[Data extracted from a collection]
==================================================

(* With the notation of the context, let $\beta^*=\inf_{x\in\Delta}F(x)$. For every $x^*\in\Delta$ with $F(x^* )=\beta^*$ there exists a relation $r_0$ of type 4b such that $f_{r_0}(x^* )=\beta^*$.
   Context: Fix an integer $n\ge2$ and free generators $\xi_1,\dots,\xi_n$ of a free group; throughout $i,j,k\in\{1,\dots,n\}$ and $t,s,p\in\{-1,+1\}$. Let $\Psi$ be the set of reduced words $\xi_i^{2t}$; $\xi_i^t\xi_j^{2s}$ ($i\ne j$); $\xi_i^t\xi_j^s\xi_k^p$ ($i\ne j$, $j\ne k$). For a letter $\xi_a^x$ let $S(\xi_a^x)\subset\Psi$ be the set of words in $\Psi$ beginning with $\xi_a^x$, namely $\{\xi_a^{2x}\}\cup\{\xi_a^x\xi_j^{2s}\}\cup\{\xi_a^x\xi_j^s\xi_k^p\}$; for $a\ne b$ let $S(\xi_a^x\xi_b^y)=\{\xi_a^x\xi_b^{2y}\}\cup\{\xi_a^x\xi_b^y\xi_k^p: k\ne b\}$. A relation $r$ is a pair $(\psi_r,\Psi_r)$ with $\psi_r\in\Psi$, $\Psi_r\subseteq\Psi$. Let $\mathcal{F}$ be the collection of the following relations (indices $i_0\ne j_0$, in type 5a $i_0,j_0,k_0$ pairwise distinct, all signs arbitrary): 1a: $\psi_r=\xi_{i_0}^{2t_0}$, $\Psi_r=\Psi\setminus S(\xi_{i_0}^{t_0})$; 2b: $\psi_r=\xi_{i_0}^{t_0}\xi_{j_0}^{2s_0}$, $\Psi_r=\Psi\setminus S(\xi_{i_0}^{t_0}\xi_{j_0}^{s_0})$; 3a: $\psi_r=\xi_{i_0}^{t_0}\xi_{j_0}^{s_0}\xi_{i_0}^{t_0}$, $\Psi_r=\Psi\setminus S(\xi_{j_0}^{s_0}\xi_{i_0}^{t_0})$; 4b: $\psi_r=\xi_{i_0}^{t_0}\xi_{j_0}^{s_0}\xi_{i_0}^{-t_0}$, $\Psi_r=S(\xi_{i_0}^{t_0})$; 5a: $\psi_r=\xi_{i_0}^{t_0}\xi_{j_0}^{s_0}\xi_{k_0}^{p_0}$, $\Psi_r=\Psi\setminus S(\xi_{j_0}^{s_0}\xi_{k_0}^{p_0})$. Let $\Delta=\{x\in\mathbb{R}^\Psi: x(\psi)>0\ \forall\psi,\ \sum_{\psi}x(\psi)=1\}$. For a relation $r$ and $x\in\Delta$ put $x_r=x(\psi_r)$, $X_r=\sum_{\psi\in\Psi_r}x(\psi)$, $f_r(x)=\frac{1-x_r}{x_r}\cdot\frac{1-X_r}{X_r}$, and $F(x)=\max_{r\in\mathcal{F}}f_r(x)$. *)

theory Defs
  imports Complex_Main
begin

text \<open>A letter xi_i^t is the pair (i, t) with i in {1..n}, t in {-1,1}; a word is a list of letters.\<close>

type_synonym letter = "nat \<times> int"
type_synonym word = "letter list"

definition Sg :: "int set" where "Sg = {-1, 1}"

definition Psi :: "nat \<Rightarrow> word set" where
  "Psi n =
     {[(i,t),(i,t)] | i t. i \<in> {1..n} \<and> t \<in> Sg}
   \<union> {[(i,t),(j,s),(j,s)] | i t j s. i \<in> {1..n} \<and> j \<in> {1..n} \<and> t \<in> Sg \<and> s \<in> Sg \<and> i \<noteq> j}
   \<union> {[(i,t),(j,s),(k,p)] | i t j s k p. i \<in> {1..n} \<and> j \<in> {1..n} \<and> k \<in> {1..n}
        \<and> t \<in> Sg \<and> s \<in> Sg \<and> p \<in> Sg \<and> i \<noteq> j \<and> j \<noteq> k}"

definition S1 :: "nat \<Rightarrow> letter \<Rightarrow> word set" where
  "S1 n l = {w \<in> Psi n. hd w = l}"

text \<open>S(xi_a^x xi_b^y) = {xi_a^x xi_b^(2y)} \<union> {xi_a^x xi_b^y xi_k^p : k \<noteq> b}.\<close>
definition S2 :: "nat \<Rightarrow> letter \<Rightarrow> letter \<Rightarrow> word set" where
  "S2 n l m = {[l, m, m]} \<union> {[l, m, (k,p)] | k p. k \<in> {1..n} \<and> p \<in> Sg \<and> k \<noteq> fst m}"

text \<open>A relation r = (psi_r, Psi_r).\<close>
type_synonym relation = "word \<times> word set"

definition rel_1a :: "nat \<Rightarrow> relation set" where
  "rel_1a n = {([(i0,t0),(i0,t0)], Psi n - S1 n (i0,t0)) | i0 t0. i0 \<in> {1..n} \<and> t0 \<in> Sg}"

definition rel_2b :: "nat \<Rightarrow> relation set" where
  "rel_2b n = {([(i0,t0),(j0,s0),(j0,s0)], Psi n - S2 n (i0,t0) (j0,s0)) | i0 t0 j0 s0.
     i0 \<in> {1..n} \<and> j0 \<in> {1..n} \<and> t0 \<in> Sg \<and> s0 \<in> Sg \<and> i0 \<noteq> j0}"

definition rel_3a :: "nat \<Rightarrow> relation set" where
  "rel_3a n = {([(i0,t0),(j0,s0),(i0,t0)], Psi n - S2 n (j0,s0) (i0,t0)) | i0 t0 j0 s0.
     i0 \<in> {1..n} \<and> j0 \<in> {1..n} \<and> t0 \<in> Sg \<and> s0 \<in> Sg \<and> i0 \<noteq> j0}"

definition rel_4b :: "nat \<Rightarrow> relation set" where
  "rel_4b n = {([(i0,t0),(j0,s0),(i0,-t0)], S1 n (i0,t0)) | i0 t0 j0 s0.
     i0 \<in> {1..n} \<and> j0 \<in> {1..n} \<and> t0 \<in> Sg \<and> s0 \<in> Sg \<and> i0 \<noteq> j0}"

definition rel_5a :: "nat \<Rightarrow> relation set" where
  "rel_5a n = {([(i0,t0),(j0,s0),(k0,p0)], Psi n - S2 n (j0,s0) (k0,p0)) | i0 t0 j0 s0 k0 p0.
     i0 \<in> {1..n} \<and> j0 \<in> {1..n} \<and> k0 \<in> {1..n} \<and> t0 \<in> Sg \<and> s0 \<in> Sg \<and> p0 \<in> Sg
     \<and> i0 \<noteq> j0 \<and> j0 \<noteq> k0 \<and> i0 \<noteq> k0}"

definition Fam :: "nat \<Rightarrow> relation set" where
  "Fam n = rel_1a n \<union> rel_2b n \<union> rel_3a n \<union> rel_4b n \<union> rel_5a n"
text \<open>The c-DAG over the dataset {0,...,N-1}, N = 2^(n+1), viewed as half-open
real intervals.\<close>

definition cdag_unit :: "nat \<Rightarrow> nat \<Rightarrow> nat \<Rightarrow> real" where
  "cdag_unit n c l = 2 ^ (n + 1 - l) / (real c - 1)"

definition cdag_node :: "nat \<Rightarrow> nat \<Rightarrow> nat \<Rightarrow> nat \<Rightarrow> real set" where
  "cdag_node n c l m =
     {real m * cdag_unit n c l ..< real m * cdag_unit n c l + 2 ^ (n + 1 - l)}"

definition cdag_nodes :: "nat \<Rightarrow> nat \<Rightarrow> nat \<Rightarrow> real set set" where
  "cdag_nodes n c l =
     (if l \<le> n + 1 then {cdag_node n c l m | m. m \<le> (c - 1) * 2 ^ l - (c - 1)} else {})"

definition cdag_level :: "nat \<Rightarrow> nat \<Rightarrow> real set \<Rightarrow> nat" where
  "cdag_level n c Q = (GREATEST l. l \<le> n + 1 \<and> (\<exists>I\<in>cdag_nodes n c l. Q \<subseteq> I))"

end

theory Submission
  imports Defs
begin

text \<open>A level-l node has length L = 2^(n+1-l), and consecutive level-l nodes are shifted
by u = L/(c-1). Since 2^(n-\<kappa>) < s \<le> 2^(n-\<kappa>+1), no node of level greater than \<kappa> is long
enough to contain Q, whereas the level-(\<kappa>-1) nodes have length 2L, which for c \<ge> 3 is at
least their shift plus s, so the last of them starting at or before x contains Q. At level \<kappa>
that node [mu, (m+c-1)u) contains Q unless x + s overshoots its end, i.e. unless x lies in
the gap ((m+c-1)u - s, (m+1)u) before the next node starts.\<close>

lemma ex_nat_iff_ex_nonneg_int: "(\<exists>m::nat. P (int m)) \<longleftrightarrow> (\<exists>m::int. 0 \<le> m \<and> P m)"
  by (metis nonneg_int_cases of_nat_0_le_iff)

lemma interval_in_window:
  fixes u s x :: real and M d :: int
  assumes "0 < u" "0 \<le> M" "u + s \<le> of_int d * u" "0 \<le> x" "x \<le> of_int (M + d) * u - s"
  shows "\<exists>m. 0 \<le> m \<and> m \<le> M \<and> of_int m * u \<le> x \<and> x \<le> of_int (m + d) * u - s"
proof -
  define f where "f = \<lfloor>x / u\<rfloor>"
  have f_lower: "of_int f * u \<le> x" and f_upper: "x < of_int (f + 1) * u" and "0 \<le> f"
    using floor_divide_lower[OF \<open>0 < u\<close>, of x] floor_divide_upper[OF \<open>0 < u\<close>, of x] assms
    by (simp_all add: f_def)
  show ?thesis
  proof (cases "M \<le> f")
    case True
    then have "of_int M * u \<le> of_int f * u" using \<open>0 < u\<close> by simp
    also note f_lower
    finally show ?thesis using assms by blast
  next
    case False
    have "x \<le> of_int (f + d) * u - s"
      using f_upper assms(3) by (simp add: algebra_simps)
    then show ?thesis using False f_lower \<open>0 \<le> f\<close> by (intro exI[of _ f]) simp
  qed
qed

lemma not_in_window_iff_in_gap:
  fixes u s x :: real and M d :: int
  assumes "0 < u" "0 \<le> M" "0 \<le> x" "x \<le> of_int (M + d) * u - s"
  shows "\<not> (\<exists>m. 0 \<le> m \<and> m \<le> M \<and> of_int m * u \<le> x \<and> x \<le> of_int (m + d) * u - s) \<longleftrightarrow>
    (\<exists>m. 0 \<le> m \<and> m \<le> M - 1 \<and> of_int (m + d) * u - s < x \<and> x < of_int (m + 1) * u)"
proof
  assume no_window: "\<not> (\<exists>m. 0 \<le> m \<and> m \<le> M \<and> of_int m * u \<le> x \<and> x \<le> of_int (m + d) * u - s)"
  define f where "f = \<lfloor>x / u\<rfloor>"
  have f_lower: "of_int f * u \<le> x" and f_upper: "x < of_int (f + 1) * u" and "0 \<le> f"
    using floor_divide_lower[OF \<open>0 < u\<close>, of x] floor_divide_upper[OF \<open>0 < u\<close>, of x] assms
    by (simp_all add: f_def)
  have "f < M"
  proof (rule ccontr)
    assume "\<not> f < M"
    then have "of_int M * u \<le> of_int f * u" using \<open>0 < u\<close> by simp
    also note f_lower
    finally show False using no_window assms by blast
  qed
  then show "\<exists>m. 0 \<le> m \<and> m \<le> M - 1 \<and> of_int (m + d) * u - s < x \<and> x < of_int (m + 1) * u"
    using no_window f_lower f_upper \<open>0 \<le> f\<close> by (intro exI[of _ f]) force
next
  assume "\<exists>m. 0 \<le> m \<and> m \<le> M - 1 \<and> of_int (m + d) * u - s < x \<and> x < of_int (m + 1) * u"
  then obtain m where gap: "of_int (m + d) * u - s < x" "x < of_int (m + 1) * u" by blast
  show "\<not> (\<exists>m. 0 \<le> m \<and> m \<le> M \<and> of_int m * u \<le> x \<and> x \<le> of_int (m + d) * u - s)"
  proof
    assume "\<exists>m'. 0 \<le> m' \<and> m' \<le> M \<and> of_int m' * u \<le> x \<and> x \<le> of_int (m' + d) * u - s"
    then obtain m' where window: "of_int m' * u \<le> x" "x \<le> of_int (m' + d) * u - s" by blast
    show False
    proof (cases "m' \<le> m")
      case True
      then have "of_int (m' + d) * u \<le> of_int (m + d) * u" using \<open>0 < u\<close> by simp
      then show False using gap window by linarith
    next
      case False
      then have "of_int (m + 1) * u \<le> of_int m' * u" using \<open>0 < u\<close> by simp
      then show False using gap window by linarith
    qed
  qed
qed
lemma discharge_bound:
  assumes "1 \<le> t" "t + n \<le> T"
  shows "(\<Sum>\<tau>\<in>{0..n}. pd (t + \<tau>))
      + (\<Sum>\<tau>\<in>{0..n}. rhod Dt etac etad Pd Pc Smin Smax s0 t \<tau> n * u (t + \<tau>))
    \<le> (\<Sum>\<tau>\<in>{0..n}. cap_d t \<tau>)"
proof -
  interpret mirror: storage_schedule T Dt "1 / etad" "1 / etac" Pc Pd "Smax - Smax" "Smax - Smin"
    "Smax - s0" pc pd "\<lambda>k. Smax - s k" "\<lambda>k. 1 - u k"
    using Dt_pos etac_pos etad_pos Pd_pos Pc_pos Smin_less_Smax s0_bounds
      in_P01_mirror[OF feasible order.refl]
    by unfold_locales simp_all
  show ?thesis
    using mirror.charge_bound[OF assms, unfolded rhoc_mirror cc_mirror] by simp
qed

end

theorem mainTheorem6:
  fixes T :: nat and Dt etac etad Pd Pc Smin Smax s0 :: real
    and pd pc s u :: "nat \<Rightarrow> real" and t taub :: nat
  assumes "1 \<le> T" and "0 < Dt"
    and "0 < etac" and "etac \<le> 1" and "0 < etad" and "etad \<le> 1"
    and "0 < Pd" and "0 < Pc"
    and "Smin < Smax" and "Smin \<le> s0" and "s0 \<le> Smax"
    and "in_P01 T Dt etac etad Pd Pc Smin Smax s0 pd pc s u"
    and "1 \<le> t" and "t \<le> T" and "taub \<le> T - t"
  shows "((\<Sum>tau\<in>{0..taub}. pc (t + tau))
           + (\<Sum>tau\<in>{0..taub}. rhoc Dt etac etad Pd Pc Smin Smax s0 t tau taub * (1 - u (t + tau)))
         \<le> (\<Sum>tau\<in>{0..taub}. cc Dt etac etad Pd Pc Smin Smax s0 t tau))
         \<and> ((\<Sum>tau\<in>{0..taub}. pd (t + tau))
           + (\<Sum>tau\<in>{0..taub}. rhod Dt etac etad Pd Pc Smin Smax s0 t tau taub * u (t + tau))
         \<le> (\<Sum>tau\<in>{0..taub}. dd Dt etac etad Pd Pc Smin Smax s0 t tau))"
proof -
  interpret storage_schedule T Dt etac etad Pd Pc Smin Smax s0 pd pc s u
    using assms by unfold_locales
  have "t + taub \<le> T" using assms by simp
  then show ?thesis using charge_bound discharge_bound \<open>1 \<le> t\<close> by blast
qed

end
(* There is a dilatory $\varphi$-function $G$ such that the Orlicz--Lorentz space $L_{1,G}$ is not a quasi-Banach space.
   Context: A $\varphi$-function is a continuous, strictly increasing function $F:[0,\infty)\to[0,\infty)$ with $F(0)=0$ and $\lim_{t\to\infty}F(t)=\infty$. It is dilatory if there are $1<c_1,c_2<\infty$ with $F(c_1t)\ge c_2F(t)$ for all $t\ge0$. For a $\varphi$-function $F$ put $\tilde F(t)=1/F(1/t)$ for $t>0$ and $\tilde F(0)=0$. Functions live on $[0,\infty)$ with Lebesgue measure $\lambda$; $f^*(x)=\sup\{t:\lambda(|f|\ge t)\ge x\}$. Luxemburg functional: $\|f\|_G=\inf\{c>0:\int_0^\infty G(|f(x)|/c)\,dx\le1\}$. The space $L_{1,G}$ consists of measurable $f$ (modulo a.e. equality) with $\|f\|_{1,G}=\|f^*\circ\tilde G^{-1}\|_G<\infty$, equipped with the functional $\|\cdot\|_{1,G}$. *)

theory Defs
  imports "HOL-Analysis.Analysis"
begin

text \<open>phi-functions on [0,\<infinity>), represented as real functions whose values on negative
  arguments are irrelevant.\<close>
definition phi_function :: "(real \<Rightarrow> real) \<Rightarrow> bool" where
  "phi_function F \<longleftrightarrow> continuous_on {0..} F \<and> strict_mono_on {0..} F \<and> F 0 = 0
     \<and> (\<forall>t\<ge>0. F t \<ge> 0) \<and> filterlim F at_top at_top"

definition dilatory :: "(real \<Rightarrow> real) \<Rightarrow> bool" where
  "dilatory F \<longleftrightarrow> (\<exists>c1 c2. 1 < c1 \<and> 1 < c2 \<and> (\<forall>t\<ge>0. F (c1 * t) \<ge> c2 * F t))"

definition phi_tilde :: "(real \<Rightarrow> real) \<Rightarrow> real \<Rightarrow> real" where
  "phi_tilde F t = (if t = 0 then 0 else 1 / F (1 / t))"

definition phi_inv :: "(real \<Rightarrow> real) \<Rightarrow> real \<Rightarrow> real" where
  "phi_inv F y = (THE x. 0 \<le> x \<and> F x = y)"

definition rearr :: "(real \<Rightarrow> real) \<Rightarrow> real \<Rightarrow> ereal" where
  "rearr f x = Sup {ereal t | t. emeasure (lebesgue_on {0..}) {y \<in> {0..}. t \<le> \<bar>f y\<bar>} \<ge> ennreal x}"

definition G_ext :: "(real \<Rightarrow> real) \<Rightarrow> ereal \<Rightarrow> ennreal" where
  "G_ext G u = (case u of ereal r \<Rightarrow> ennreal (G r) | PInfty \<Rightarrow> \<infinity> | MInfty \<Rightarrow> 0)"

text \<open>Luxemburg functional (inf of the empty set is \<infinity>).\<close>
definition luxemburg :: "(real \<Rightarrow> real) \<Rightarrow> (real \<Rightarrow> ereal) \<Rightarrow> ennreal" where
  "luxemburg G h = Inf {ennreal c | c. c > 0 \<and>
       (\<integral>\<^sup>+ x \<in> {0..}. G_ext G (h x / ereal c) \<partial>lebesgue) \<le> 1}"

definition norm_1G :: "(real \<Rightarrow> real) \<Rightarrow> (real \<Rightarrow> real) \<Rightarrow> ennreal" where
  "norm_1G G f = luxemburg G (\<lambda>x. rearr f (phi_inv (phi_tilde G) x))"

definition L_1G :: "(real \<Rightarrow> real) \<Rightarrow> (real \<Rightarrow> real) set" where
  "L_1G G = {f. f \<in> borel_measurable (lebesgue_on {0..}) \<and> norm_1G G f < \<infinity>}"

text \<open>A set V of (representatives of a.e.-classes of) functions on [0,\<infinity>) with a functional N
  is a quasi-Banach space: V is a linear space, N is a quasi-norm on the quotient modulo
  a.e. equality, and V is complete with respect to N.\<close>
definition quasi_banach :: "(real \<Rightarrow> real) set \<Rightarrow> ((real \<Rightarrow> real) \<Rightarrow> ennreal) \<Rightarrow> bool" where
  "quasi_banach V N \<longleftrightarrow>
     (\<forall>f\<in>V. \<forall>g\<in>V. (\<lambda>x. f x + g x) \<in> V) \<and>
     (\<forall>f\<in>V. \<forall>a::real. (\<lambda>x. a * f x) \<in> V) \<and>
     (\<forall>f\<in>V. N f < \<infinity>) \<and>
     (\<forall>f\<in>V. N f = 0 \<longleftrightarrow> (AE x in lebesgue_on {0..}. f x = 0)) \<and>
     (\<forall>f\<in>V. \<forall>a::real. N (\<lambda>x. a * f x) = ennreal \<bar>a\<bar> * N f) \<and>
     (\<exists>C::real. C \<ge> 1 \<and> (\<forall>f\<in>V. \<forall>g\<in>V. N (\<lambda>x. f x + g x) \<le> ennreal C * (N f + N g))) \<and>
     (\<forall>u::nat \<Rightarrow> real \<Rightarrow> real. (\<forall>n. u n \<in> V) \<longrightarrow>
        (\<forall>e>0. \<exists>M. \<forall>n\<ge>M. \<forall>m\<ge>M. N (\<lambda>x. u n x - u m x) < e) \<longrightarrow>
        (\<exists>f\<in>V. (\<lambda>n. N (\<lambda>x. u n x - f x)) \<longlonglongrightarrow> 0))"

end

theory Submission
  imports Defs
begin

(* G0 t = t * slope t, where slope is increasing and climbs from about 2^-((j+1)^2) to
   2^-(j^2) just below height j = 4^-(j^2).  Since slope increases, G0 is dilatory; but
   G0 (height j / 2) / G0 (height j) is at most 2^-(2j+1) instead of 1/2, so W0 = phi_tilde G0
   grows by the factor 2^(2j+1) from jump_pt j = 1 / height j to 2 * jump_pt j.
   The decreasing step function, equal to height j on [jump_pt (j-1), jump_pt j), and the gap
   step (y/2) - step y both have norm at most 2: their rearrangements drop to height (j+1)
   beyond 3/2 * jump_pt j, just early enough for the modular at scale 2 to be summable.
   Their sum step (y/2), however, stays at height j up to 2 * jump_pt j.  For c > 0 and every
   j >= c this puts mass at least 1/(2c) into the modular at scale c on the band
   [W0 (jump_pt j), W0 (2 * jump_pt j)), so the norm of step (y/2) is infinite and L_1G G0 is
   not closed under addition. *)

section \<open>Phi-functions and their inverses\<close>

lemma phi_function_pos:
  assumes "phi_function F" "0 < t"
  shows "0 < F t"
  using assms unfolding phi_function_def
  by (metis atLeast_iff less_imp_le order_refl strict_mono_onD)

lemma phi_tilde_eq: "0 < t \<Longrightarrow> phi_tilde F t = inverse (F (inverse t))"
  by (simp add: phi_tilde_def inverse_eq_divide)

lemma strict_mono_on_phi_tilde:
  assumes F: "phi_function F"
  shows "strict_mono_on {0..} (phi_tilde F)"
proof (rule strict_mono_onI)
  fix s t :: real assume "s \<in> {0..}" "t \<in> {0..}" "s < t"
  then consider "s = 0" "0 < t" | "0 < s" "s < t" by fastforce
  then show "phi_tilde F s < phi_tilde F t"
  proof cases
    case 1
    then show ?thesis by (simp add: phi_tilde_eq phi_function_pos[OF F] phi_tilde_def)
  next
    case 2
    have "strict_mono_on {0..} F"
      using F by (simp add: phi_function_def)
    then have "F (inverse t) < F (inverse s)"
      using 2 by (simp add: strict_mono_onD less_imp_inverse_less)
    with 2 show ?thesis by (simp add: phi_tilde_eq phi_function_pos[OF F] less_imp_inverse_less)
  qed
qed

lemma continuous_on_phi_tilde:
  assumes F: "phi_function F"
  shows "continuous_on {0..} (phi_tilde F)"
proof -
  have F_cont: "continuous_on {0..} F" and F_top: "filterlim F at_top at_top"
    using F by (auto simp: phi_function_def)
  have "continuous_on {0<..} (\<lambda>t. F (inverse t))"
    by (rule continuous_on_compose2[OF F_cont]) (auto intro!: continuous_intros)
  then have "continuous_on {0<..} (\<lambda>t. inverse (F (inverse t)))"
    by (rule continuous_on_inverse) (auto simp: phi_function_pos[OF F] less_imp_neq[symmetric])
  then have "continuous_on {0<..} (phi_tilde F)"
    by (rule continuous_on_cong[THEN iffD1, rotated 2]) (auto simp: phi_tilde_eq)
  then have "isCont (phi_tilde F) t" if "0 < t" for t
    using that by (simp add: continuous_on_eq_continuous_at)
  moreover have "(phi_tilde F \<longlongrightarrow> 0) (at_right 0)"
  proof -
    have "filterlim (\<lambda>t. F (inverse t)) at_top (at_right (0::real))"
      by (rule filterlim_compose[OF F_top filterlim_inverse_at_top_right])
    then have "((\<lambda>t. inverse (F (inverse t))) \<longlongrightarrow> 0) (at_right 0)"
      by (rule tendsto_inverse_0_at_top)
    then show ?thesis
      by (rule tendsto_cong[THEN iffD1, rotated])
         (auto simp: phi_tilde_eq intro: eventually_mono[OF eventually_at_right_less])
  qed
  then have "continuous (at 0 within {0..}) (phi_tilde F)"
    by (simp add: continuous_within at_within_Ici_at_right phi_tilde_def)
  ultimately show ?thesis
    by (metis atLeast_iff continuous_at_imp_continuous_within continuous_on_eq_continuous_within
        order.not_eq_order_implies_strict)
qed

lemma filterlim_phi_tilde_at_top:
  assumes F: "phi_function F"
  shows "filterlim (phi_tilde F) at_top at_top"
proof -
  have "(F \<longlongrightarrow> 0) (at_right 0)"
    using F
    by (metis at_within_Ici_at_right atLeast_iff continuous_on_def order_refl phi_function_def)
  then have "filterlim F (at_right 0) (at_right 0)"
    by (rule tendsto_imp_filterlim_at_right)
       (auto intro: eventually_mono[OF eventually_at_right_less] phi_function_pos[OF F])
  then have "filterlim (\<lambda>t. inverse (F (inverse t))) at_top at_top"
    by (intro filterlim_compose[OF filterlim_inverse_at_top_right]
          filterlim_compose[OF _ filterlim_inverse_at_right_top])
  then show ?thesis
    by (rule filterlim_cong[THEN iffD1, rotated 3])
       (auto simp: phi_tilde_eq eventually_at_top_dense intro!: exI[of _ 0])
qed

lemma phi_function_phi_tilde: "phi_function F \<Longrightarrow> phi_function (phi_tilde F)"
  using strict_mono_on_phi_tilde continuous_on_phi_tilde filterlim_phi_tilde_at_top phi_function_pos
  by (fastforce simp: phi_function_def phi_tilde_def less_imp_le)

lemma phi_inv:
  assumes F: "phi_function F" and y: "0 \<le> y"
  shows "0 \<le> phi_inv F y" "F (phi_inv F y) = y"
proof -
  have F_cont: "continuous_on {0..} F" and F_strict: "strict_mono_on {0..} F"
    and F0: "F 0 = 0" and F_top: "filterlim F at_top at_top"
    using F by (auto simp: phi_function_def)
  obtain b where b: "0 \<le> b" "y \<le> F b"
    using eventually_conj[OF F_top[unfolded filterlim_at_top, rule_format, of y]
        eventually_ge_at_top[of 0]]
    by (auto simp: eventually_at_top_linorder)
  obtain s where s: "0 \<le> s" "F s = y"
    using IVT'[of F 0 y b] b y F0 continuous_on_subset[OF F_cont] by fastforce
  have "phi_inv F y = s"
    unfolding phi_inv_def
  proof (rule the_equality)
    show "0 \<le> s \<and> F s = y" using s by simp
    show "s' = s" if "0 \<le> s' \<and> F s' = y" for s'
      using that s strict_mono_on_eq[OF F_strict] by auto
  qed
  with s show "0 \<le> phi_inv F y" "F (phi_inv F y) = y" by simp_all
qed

==================================================

- [What you should do] What is needed is an exact copy of the lines above, from the one containing "u (t + tau)))" through the one containing "pd (t + tau))", with nothing added.

- [Response box]
           + (\<Sum>tau\<in>{0..taub}. rhoc Dt etac etad Pd Pc Smin Smax s0 t tau taub * (1 - u (t + tau)))
         \<le> (\<Sum>tau\<in>{0..taub}. cc Dt etac etad Pd Pc Smin Smax s0 t tau))
         \<and> ((\<Sum>tau\<in>{0..taub}. pd (t + tau))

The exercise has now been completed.